『恋せぬふたり』ライフイベント=こなすべきタスク? 高橋一生からの心強いメッセージ

 年越し蕎麦を、大晦日のどのタイミングで食べるのか。ある人は家族団らんが揃う夕食に。ある人はその名前の通り“年越し”の瞬間に。あるいは“細く長く”な蕎麦より“太く長く”とうどんで。それならば、夕飯に蕎麦を、年越しにうどんを……なんて人もいてもいい。

 年に1回ある大晦日の食事という限られた場面でさえ、これほどいろいろな考え方と選択がある。「あなたはそうするのね」なんて楽しい話題のネタにもなる。なのに、人生における多くの選択になると「これが普通」「それは普通じゃない」と、やたら干渉されやすいのはなぜなのだろう。

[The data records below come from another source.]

lemma divide_ln_add_one_strict_antimono:
  fixes r u u' :: real
  assumes "0 < r" "0 < u" "u < u'"
  shows "r / ln (1 + u') < r / ln (1 + u)"
  using assms by (intro divide_strict_left_mono) auto

lemma divide_ln_add_one_antimono:
  fixes r u u' :: real
  assumes "0 \<le> r" "0 < u" "u \<le> u'"
  shows "r / ln (1 + u') \<le> r / ln (1 + u)"
  using assms by (intro divide_left_mono) auto

context
  fixes A :: "'u set" and r :: "'u \<Rightarrow> real"
  assumes A_fin: "finite A" and A_ne: "A \<noteq> {}" and r_pos: "\<And>j. j \<in> A \<Longrightarrow> 0 < r j"
begin

lemma rate_load_pos: "(\<And>j. j \<in> A \<Longrightarrow> 0 < u j) \<Longrightarrow> 0 < rate_load A r u"
  unfolding rate_load_def using r_pos by (intro sum_pos[OF A_fin A_ne] divide_pos_pos ln_gt_zero) auto

lemma rate_load_strict_antimono:
  assumes "\<And>j. j \<in> A \<Longrightarrow> 0 < u j \<and> u j < u' j"
  shows "rate_load A r u' < rate_load A r u"
  unfolding rate_load_def using assms r_pos
  by (intro sum_strict_mono[OF A_fin A_ne] divide_ln_add_one_strict_antimono) auto

lemma rate_load_antimono:
  assumes "\<And>j. j \<in> A \<Longrightarrow> 0 < u j \<and> u j \<le> u' j"
  shows "rate_load A r u' \<le> rate_load A r u"
  unfolding rate_load_def using assms r_pos
  by (intro sum_mono divide_ln_add_one_antimono) (auto intro: less_imp_le)

lemma continuous_on_rate_load_scaled:
  assumes c: "\<forall>j\<in>A. 0 < c j"
  shows "continuous_on {0<..} (\<lambda>t. rate_load A r (\<lambda>j. t * c j))"
  unfolding rate_load_def
proof (intro continuous_intros ballI)
  fix j and t :: real assume "j \<in> A" "t \<in> {0<..}"
  then have "0 < t * c j" using c by simp
  then show "1 + t * c j \<noteq> 0" and "ln (1 + t * c j) \<noteq> 0" by auto
qed

lemma rate_load_scaled_ge:
  assumes c: "\<forall>j\<in>A. 0 < c j" and v: "0 < v"
  obtains t where "0 < t" "v \<le> rate_load A r (\<lambda>j. t * c j)"
proof -
  obtain j0 where j0: "j0 \<in> A" using A_ne by blast
  define t where "t = r j0 / (c j0 * v)"
  have "0 < t" unfolding t_def using r_pos[OF j0] bspec[OF c j0] v by simp
  have u: "t * c j0 = r j0 / v" unfolding t_def using bspec[OF c j0] v by (simp add: field_simps)
  have "v = r j0 / (r j0 / v)" using r_pos[OF j0] v by simp
  also have "\<dots> \<le> r j0 / ln (1 + r j0 / v)"
    using r_pos[OF j0] v
    by (intro divide_left_mono ln_add_one_self_le_self) (auto intro!: divide_pos_pos mult_pos_pos ln_gt_zero)
  also have "\<dots> \<le> rate_load A r (\<lambda>j. t * c j)" unfolding rate_load_def u[symmetric]
    using \<open>0 < t\<close> c r_pos
    by (intro member_le_sum[OF j0 _ A_fin] divide_nonneg_nonneg) (auto intro: less_imp_le)
  finally show ?thesis using \<open>0 < t\<close> that by blast
qed

text \<open>Once every t c_j is at least exp(R/v) - 1, with R the total rate, term j is at most r_j v / R.\<close>
lemma rate_load_scaled_le:
  assumes c: "\<forall>j\<in>A. 0 < c j" and v: "0 < v" and "0 \<le> t0"
  obtains t where "t0 \<le> t" "rate_load A r (\<lambda>j. t * c j) \<le> v"
proof
  define R where "R = (\<Sum>j\<in>A. r j)"
  have "0 < R" unfolding R_def using r_pos by (intro sum_pos[OF A_fin A_ne])
  define E where "E = exp (R / v) - 1"
  have "0 < E" unfolding E_def using \<open>0 < R\<close> v by simp
  define t where "t = t0 + (\<Sum>j\<in>A. E / c j)"
  show "t0 \<le> t" unfolding t_def using \<open>0 < E\<close> c by (simp add: sum_nonneg less_imp_le)
  have "rate_load A r (\<lambda>j. t * c j) \<le> (\<Sum>j\<in>A. r j / ln (1 + E))"
    unfolding rate_load_def
  proof (rule sum_mono)
    fix j assume j: "j \<in> A"
    have "E / c j \<le> t" unfolding t_def
      using member_le_sum[OF j, of "\<lambda>j. E / c j"] \<open>0 < E\<close> c A_fin \<open>0 \<le> t0\<close>
      by (simp add: less_imp_le)
    then have "E \<le> t * c j" using bspec[OF c j] by (simp add: field_simps)
    then show "r j / ln (1 + t * c j) \<le> r j / ln (1 + E)"
      using r_pos[OF j] \<open>0 < E\<close> by (intro divide_ln_add_one_antimono) auto
  qed
  also have "\<dots> = v" using \<open>0 < R\<close> v
    by (simp add: E_def sum_divide_distrib[symmetric] sum_distrib_right[symmetric] R_def[symmetric])
  finally show "rate_load A r (\<lambda>j. t * c j) \<le> v" .
qed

 よるドラ『恋せぬふたり』(NHK総合)第6話は、咲子(岸井ゆきの)の妹・みのり(北香那)の夫の浮気、そして出産騒動を中心に描かれた。そして「恋愛」「結婚」「出産」「子育て」「マイホーム」……とライフイベントが、まるで人生ゲームのように、こなすものになっていないかと問われるような回だった。

 誰もが幸せになりたいと願い生きている。たった1度の人生を後悔なく生きるためには、どうしたらいいのか。みんな迷いながら日々を選択しているのだ。それはどんなセクシュアリティであっても同じこと。

 そこで羽(高橋一生)を通じて咲子に、そして視聴者に送られたのは、自分の人生なのだから「周りに合わせて考えなくても大丈夫」という心強いメッセージだった。見失わないでほしいのは「何を大事にしたいか」という自分の心であること。そして誰の味方でいたいのかということ。その結果として、誰かと家族になったり、1人で生きる選択になったりする。

 先に選択があって心の辻褄をあわせるのではなく、自分の心があってこその選択だということだ。ところが、年越し蕎麦のようにシンプルに選択を楽しめない理由がある。それは、人生は他者と複雑に絡み合っていくから。良くも悪くも周囲の影響を受けて「変わる」という選択もしていくものだから。

 第6話では、微笑ましい変化も見受けられた。登場したばかりのころはハラハラとさせられる発言を繰り返していたカズ(濱正悟)が、咲子に対するみのりの攻撃的な発言に「普通は人それぞれだから」「それは言い過ぎ」と擁護する側に回ったこと。性愛に関する話題全般が苦手な羽を「こういう話……」と気遣うようになったこと。

 これは咲子を「好きだ」という気持ちから生まれた大きな変化。そういう意味では、このドラマは恋の力そのものを決して否定はしていない。誰かを愛することが、その人の人生を豊かにするという場面も確かにある。

 しかし、それだけではないという点も、本作ではしっかりと伝えていく。恋愛ではなくとも、人と接することで視野が広がり、新しいものを受け入れることだってできる。羽が咲子とカズとの生活を通じて、邪道ピザの魅力を知ったように。